We then randomly added one of the 6 pericarp loci for each recruit and compared our maternal assignment success with that of the 6-locus seedling genotype only, using 100 random trials. We next added 2 random pericarp loci to the seedling genotype, a treatment again replicated 100 times. Subsequent treatments involved adding 3, 4, and 5 random pericarp loci to the 6-locus seedling genotype, each replicated 100 times. For the final treatment, we added all 6 pericarp loci to all 6 seedling loci. The mixed assay results are shown in Figure 1, for contrast with the 6-locus seedling reference treatment, and indicate that maternal resolution rises steadily and quickly as we add pericarp loci to the seedling battery. As few as 3 pericarp loci added to the seedling battery provide almost 100% correct maternal designation and 4 loci is sufficient to provide categorical designation (Figure 1).
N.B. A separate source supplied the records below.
(* Let $R$ be a Bézout domain of finite Krull dimension. Then $R$ is radically finite if and only if $R$ is a principal ideal domain.
   Context: All rings are commutative with identity. An ideal $I$ of $R$ is called radically perfect if $\mathrm{ht}(I)=\inf\{n \mid \sqrt{I}=\sqrt{(\theta_1,\dots,\theta_n)} \text{ for some } \theta_1,\dots,\theta_n\in R\}$, and moreover, if $\mathrm{ht}(I)=0$, then $\sqrt{I}=\sqrt{(\theta)}$ for some zero divisor $\theta$ of $R$. A ring $R$ is called radically finite if every prime ideal $P$ of $R$ is radically perfect and, in addition, the set of ideals of $R$ that are generated by $\mathrm{ht}(P)$ elements and have radical $P$ has a maximal member $A$ such that there are only finitely many ideals in any chain of ideals between $A$ and $P$. *)

theory Defs
  imports Main "HOL-Library.Extended_Nat"
begin

definition is_ideal :: "'a::comm_ring_1 set \<Rightarrow> bool" where
  "is_ideal I \<longleftrightarrow> 0 \<in> I \<and> (\<forall>x\<in>I. \<forall>y\<in>I. x + y \<in> I) \<and> (\<forall>r. \<forall>x\<in>I. r * x \<in> I)"

definition is_prime_ideal :: "'a::comm_ring_1 set \<Rightarrow> bool" where
  "is_prime_ideal P \<longleftrightarrow> is_ideal P \<and> P \<noteq> UNIV \<and> (\<forall>a b. a * b \<in> P \<longrightarrow> a \<in> P \<or> b \<in> P)"

definition gen_ideal :: "'a::comm_ring_1 set \<Rightarrow> 'a set" where
  "gen_ideal S = \<Inter>{I. is_ideal I \<and> S \<subseteq> I}"

definition radical :: "'a::comm_ring_1 set \<Rightarrow> 'a set" where
  "radical I = {x. \<exists>n. x ^ n \<in> I}"

definition zero_divisor :: "'a::comm_ring_1 \<Rightarrow> bool" where
  "zero_divisor a \<longleftrightarrow> (\<exists>b. b \<noteq> 0 \<and> a * b = 0)"

definition prime_height :: "'a::comm_ring_1 set \<Rightarrow> enat" where
  "prime_height P = (SUP n \<in> {n. \<exists>f :: nat \<Rightarrow> 'a set.
       (\<forall>i\<le>n. is_prime_ideal (f i)) \<and> (\<forall>i<n. f i \<subset> f (Suc i)) \<and> f n = P}. enat n)"

definition ht :: "'a::comm_ring_1 set \<Rightarrow> enat" where
  "ht I = (INF P \<in> {P. is_prime_ideal P \<and> I \<subseteq> P}. prime_height P)"

definition krull_dim :: "'a::comm_ring_1 itself \<Rightarrow> enat" where
  "krull_dim _ = (SUP P \<in> {P :: 'a set. is_prime_ideal P}. prime_height P)"

definition radically_perfect :: "'a::comm_ring_1 set \<Rightarrow> bool" where
  "radically_perfect I \<longleftrightarrow>
     ht I = (INF n \<in> {n. \<exists>\<theta>s :: 'a list. length \<theta>s = n \<and>
                 radical I = radical (gen_ideal (set \<theta>s))}. enat n) \<and>
     (ht I = 0 \<longrightarrow> (\<exists>\<theta>. zero_divisor \<theta> \<and> radical I = radical (gen_ideal {\<theta>})))"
Not all the assignments were to the candidate immediately above the canopy patch, but all were assigned to adults quite local to the canopy patch, probably due to some secondary animal-vectored movement of acorns between neighboring canopy patches. Not surprisingly, maternal designation was virtually categorical where the pericarp data were complete and reliable because the Pr(multilocus random match) = 5.52 × 10−7, the 6-locus product of the PI values on the bottom line of Supplementary Appendix Table 1. The more important observation, however, is that adding as few as 3–4 pericarp loci to the seedling genotype is sufficient to convert a modest likelihood preference for one or both parents into an unambiguous designation of maternity.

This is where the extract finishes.